If you are not familiar with SAML and Single Sign On (SSO), check out our article on understanding SAML and SSO.
Before we get into Shibboleth, we first need to establish a users repository. Let's go with LDAP. For this tutorial, let's set up an OpenLDAP server on Linux and create a user (john.doe). Refer to the LDAP section of our WalkThroughs page. So now our heirarchy has a single system, the LDAP server. Hooray!
Identity Provider (IdP)
As the name implies, the Identity Provider is the system that validates a users identity. Technically, the Identity Provider is not the system that contains users identies. That's some other system (Active Directory, LDAP, et cetera). Instead, the Identity Provider knows if you are or are not validated with the system that contains your identity.

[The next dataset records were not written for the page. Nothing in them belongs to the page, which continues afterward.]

lemma integral_invariant:
  assumes "mean_preserving \<sigma>"
  shows "integral (\<lambda>x. h (\<sigma> x)) = integral h"
  using layer_sum_invariant[OF assms, of _ "grid _ h"] unfolding integral_def grid_def by simp

(* The product mean mu^n on tuples of length n: integrate the measure of the sections
   over the first entry. *)
primrec power_mean :: "nat \<Rightarrow> 'x list set \<Rightarrow> real" where
  "power_mean 0 A = (if [] \<in> A then 1 else 0)"
| "power_mean (Suc n) A = integral (\<lambda>x. power_mean n {xs. x # xs \<in> A})"

lemma power_mean_is_mean: "is_mean (tuples X n) (power_mean n)"
proof (induction n)
  case 0
  show ?case unfolding is_mean_def tuples_0 by (auto simp: subset_singleton_iff)
next
  case (Suc n)
  interpret factor: mean_space "tuples X n" "power_mean n" by unfold_locales (rule Suc)
  show ?case unfolding is_mean_def
  proof (intro conjI allI impI)
    fix A
    show "0 \<le> power_mean (Suc n) A" "power_mean (Suc n) A \<le> 1" using integral_bounds by auto
  next
    have "power_mean (Suc n) (tuples X (Suc n)) = integral (\<lambda>x. if x \<in> X then 1 else 0)"
      using Suc by (auto simp: tuples_section is_mean_def intro: integral_cong)
    also have "\<dots> = 1" using integral_constant_on[of 1 X] mean by (simp add: is_mean_def)
    finally show "power_mean (Suc n) (tuples X (Suc n)) = 1" .
  next
    fix A B assume AB: "A \<subseteq> tuples X (Suc n)" "B \<subseteq> tuples X (Suc n)" "A \<inter> B = {}"
    let ?h = "\<lambda>A x. power_mean n {xs. x # xs \<in> A}"
    have sections: "{xs. x # xs \<in> A} \<subseteq> tuples X n" "{xs. x # xs \<in> B} \<subseteq> tuples X n" for x
      using AB by (auto dest: section_subset_tuples)
    have additive: "?h (A \<union> B) x = ?h A x + ?h B x" for x
    proof -
      have "{xs. x # xs \<in> A \<union> B} = {xs. x # xs \<in> A} \<union> {xs. x # xs \<in> B}" by auto
      then show ?thesis using AB(3) by (simp add: factor.measure_Un[OF sections] disjoint_iff)
    qed
    have "0 \<le> ?h A x \<and> 0 \<le> ?h B x \<and> ?h A x + ?h B x \<le> 1" for x
      using factor.measure_bounds[of "{xs. x # xs \<in> A \<union> B}"] sections[of x]
        factor.measure_bounds[OF sections(1)] factor.measure_bounds[OF sections(2)]
      by (auto simp: additive[symmetric])
    then show "power_mean (Suc n) (A \<union> B) = power_mean (Suc n) A + power_mean (Suc n) B"
      unfolding power_mean.simps additive by (intro integral_add)
  qed
qed

(* The product mean is invariant under the diagonal action of a mean-preserving bijection;
   the first entry is handled by invariance of the integral, the rest by induction. *)
lemma power_mean_invariant:
  assumes \<sigma>: "mean_preserving \<sigma>"
  shows "A \<subseteq> tuples X n \<Longrightarrow> power_mean n (map \<sigma> ` A) = power_mean n A"
proof (induction n arbitrary: A)
  case 0
  then have "A = {} \<or> A = {[]}" by (auto simp: tuples_0)
  then show ?case by auto
next
  case (Suc n)
  have inj: "inj_on \<sigma> X" using \<sigma> by (simp add: mean_preserving_def bij_betw_def)
  have image_section: "{xs. \<sigma> y # xs \<in> map \<sigma> ` A} = map \<sigma> ` {ys. y # ys \<in> A}" if "y \<in> X" for y
  proof (intro equalityI subsetI)
    fix xs assume "xs \<in> {xs. \<sigma> y # xs \<in> map \<sigma> ` A}"
    then obtain z zs where "z # zs \<in> A" "\<sigma> z = \<sigma> y" "xs = map \<sigma> zs"
      by (auto simp: Cons_eq_map_conv)
    moreover have "z \<in> X" using Suc.prems \<open>z # zs \<in> A\<close> by (auto simp: tuples_def)
    ultimately show "xs \<in> map \<sigma> ` {ys. y # ys \<in> A}" using inj_onD[OF inj _ _ that] by auto
  qed force
  have "power_mean (Suc n) (map \<sigma> ` A) = integral (\<lambda>y. power_mean n {xs. \<sigma> y # xs \<in> map \<sigma> ` A})"
    unfolding power_mean.simps by (rule integral_invariant[OF \<sigma>, symmetric])
  also have "\<dots> = power_mean (Suc n) A"
    unfolding power_mean.simps
    using Suc.IH[OF section_subset_tuples[OF Suc.prems]] by (intro integral_cong) (simp add: image_section)
  finally show ?case .
qed

lemma power_mean_tuples:
  assumes F: "F \<subseteq> X"
  shows "power_mean n (tuples F n) = \<mu> F ^ n"
proof (induction n)
  case (Suc n)
  have "power_mean (Suc n) (tuples F (Suc n)) = integral (\<lambda>x. if x \<in> F then \<mu> F ^ n else 0)"
    unfolding power_mean.simps
  proof (rule integral_cong)
    fix x
    show "power_mean n {xs. x # xs \<in> tuples F (Suc n)} = (if x \<in> F then \<mu> F ^ n else 0)"
      using Suc power_mean_is_mean[of n]
      by (auto simp: tuples_section tuples_def mean_space.measure_empty[OF mean_space.intro])
  qed
  also have "\<dots> = \<mu> F ^ n * \<mu> (F \<inter> X)"
    using measure_bounds[OF F] by (intro integral_constant_on) (auto intro: power_le_one)
  also have "F \<inter> X = F" using F by blast
  finally show ?case by simp
qed (simp add: tuples_0)

definition list_mean :: "'x list set \<Rightarrow> real" where
  "list_mean A = ulim U (\<lambda>n. power_mean n (A \<inter> tuples X n))"

lemma power_mean_bounds: "power_mean n (A \<inter> tuples X n) \<in> {0..1}"
  using power_mean_is_mean[of n] unfolding is_mean_def by auto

Thus, the next leg of the journey here is going to take some time, as there are 3 systems at play here (Tomcat, Shibboleth, LDAP).
If everything goes according to plan, your IdP log should record a successful authentication against LDAP, something like this:
Authentication succeeded for dn: uid=john.doe,ou=people,dc=example,dc=com
Service Provider (SP)
Let's say www.example.com/secure is your current basic authentication page, and you want to update this page to be authenticated and authorized via SAML.
Once you've configured www.example.com/secure to be authenticated and authorized by the Service Provider, navigating to www.example.com/secure will return this most unsightly response. This occurs because the other primary component of the SAML hierarchy is missing, the Identity Provider (IdP).